(Saved data entries)
---*---

definition good_approvers :: "(nat \<Rightarrow> nat set) \<Rightarrow> mes_state \<Rightarrow> nat \<Rightarrow> nat set" where
  "good_approvers Gi s g = {i\<in>ragents s. g \<in> Gi i}"

definition cake_affordable :: "(nat \<Rightarrow> real set) \<Rightarrow> mes_state \<Rightarrow> real \<Rightarrow> real \<Rightarrow> real \<Rightarrow> bool" where
  "cake_affordable Ci s x0 x \<rho> \<longleftrightarrow> x0 < x \<and> \<rho> \<ge> 0 \<and>
     (\<Sum>i\<in>cake_approvers Ci s x0 x. min (bud s i) ((x - x0) * \<rho>)) = x - x0"

definition good_affordable :: "(nat \<Rightarrow> nat set) \<Rightarrow> mes_state \<Rightarrow> nat \<Rightarrow> real \<Rightarrow> bool" where
  "good_affordable Gi s g \<rho> \<longleftrightarrow> g \<in> rgoods s \<and> \<rho> \<ge> 0 \<and>
     (\<Sum>i\<in>good_approvers Gi s g. min (bud s i) \<rho>) = 1"

definition rho_minimal :: "(nat \<Rightarrow> real set) \<Rightarrow> (nat \<Rightarrow> nat set) \<Rightarrow> mes_state \<Rightarrow> real \<Rightarrow> bool" where
  "rho_minimal Ci Gi s \<rho> \<longleftrightarrow>
     (\<forall>x0 x \<rho>'. uniform_interval Ci s x0 x \<and> cake_affordable Ci s x0 x \<rho>' \<longrightarrow> \<rho> \<le> \<rho>') \<and>
     (\<forall>g \<rho>'. good_affordable Gi s g \<rho>' \<longrightarrow> \<rho> \<le> \<rho>')"

definition mes_terminal :: "(nat \<Rightarrow> real set) \<Rightarrow> (nat \<Rightarrow> nat set) \<Rightarrow> mes_state \<Rightarrow> bool" where
  "mes_terminal Ci Gi s \<longleftrightarrow>
     \<not> (\<exists>x0 x \<rho>. uniform_interval Ci s x0 x \<and> cake_affordable Ci s x0 x \<rho>) \<and>
     \<not> (\<exists>g \<rho>. good_affordable Gi s g \<rho>)"

inductive mes_step :: "(nat \<Rightarrow> real set) \<Rightarrow> (nat \<Rightarrow> nat set) \<Rightarrow> mes_state \<Rightarrow> mes_state \<Rightarrow> bool"
  for Ci Gi where
  cake_step:
  "\<lbrakk> uniform_interval Ci s x0 x1; x0 < x; x \<le> x1; cake_affordable Ci s x0 x \<rho>;
     rho_minimal Ci Gi s \<rho>;
     \<forall>x'. x0 < x' \<and> x' \<le> x1 \<and> cake_affordable Ci s x0 x' \<rho> \<longrightarrow> x' \<le> x;
     b' = (\<lambda>i. if i \<in> cake_approvers Ci s x0 x1 then bud s i - min (bud s i) ((x - x0) * \<rho>)
              else bud s i) \<rbrakk>
   \<Longrightarrow> mes_step Ci Gi s
        \<lparr> rcake = rcake s - {x0..x}, rgoods = rgoods s, bud = b',
          ragents = {i \<in> ragents s. b' i \<noteq> 0},
          selC = selC s \<union> {x0..x}, selG = selG s \<rparr>"
| good_step:
  "\<lbrakk> good_affordable Gi s g \<rho>; rho_minimal Ci Gi s \<rho>;
     b' = (\<lambda>i. if i \<in> good_approvers Gi s g then bud s i - min (bud s i) \<rho> else bud s i) \<rbrakk>
   \<Longrightarrow> mes_step Ci Gi s
        \<lparr> rcake = rcake s, rgoods = rgoods s - {g}, bud = b',
          ragents = {i \<in> ragents s. b' i \<noteq> 0},
          selC = selC s, selG = selG s \<union> {g} \<rparr>"

definition mes_init :: "nat \<Rightarrow> real \<Rightarrow> nat \<Rightarrow> real \<Rightarrow> mes_state" where
  "mes_init n c m \<alpha> = \<lparr> rcake = {0..c}, rgoods = {..<m}, bud = (\<lambda>_. \<alpha> / real n),
      ragents = {..<n}, selC = {}, selG = {} \<rparr>"

definition mes_output ::
  "nat \<Rightarrow> real \<Rightarrow> nat \<Rightarrow> real \<Rightarrow> (nat \<Rightarrow> real set) \<Rightarrow> (nat \<Rightarrow> nat set) \<Rightarrow> real set \<times> nat set \<Rightarrow> bool" where
  "mes_output n c m \<alpha> Ci Gi A \<longleftrightarrow>
     (\<exists>s. (mes_step Ci Gi)\<^sup>*\<^sup>* (mes_init n c m \<alpha>) s \<and> mes_terminal Ci Gi s \<and> A = (selC s, selG s))"

end

theory Submission
  imports Defs
begin

text \<open>Three agents approve the whole cake [0,1], and only agents 0 and 1 approve the single good;
  with \<alpha> = 2 every agent starts with budget 2/3. Every piece of remaining cake is affordable at
  rate 1/3, while buying the good needs rate at least 1/2, so MES keeps buying cake until the
  money is spent and never buys the good. Agents 0 and 1 thus end with utility at most 1, although
  they form a 4/3-cohesive group that can jointly afford the bundle ([0,1/3], {good 0}).\<close>

lemma fmeasurable_Icc_Diff_closed:
  fixes a b :: real
  assumes "closed K"
  shows "{a..b} - K \<in> fmeasurable lborel"
  using assms fmeasurable_cbox[of a b] by (intro fmeasurable_Diff) (auto intro: borel_closed)

lemma measure_Diff_Icc:
  fixes x0 x :: real
  assumes R: "R \<in> fmeasurable lborel" and "x0 \<le> x" "{x0<..<x} \<subseteq> R"
  shows "measure lborel (R - {x0..x}) = measure lborel R - (x - x0)"
proof -
  have RI: "R \<inter> {x0..x} \<in> fmeasurable lborel"
    using R by (intro fmeasurable_Int_fmeasurable) auto
  have "measure lborel (R \<inter> {x0..x}) = x - x0"
  proof (rule antisym)
    have "measure lborel (R \<inter> {x0..x}) \<le> measure lborel {x0..x}"
      using RI fmeasurable_cbox[of x0 x] by (intro measure_mono_fmeasurable) auto
    then show "measure lborel (R \<inter> {x0..x}) \<le> x - x0"
      using \<open>x0 \<le> x\<close> by simp
    have "measure lborel {x0<..<x} \<le> measure lborel (R \<inter> {x0..x})"
      using RI assms(3) by (intro measure_mono_fmeasurable) auto
    then show "x - x0 \<le> measure lborel (R \<inter> {x0..x})"
      using \<open>x0 \<le> x\<close> by simp
  qed
  moreover have "R - {x0..x} = R - R \<inter> {x0..x}" by blast
  ultimately show ?thesis
    using measurable_measure_Diff[of R lborel "R \<inter> {x0..x}"] R RI by auto
qed

lemma Ioo_subset_Icc_Diff_closed:
  fixes a b :: real
  assumes "closed K" "measure lborel ({a..b} - K) > 0"
  obtains x0 x1 where "x0 < x1" "{x0<..<x1} \<subseteq> {a..b} - K"
proof -
  have "{a<..<b} - K \<noteq> {}"
  proof
    assume "{a<..<b} - K = {}"
    then have "{a..b} - K \<subseteq> {a, b}" by (force simp: set_eq_iff)
    moreover have "{a..b} - K \<in> sets lborel"
      using fmeasurable_Icc_Diff_closed[OF assms(1)] by (rule fmeasurableD)
    ultimately have "{a..b} - K \<in> null_sets lborel"
      using finite_imp_null_set_lborel[of "{a, b}"] by (blast intro: null_sets_subset)
    then show False using assms(2) measure_eq_0_null_sets by fastforce
  qed
  then obtain p where p: "p \<in> {a<..<b} - K" by blast
  have "open ({a<..<b} - K)" using assms(1) by (intro open_Diff) auto
  then obtain e where "e > 0" "ball p e \<subseteq> {a<..<b} - K"
    using p open_contains_ball by blast
  then show ?thesis
    by (intro that[of "p - e" "p + e"]) (auto simp: ball_eq_greaterThanLessThan)
qed

lemma measure_le_of_subset_Icc:
  fixes S :: "real set"
  assumes "S \<subseteq> {a..b}" "a \<le> b"
  shows "measure lborel S \<le> b - a"
proof (cases "S \<in> sets lborel")
  case True
  then have "measure lborel S \<le> measure lborel {a..b}"
    using assms(1) fmeasurable_cbox[of a b] by (intro measure_mono_fmeasurable) auto
  then show ?thesis using assms(2) by simp
next
  case False
  then show ?thesis using assms(2) by (simp add: measure_notin_sets)
qed

lemma piece_of_cake_Icc: "0 \<le> a \<Longrightarrow> a \<le> b \<Longrightarrow> b \<le> c \<Longrightarrow> piece_of_cake c {a..b}"
  unfolding piece_of_cake_def by (intro exI[of _ "{(a, b)}"]) auto

definition cex_cake :: "nat \<Rightarrow> real set" where
  "cex_cake i = {0..1}"

definition cex_goods :: "nat \<Rightarrow> nat set" where
  "cex_goods i = (if i \<le> 1 then {0} else {})"

lemma cex_valid_instance: "valid_instance 3 1 1 2 cex_cake cex_goods"
  unfolding valid_instance_def is_bundle_def cex_cake_def cex_goods_def
  by (auto intro: piece_of_cake_Icc)

text \<open>Every agent pays a third of each piece of cake bought, so all budgets equal
  2/3 - (1 - \<mu>)/3, where \<mu> is the measure of the remaining cake.\<close>
definition cex_budget :: "mes_state \<Rightarrow> real" where
  "cex_budget s = (1 + measure lborel (rcake s)) / 3"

---*---

Please write out exactly the lines from the start of the data through the line that contains "s. g \<in> Gi", both ends included, and nothing else.

*Solution for this exercise*:
definition good_approvers :: "(nat \<Rightarrow> nat set) \<Rightarrow> mes_state \<Rightarrow> nat \<Rightarrow> nat set" where
  "good_approvers Gi s g = {i\<in>ragents s. g \<in> Gi i}"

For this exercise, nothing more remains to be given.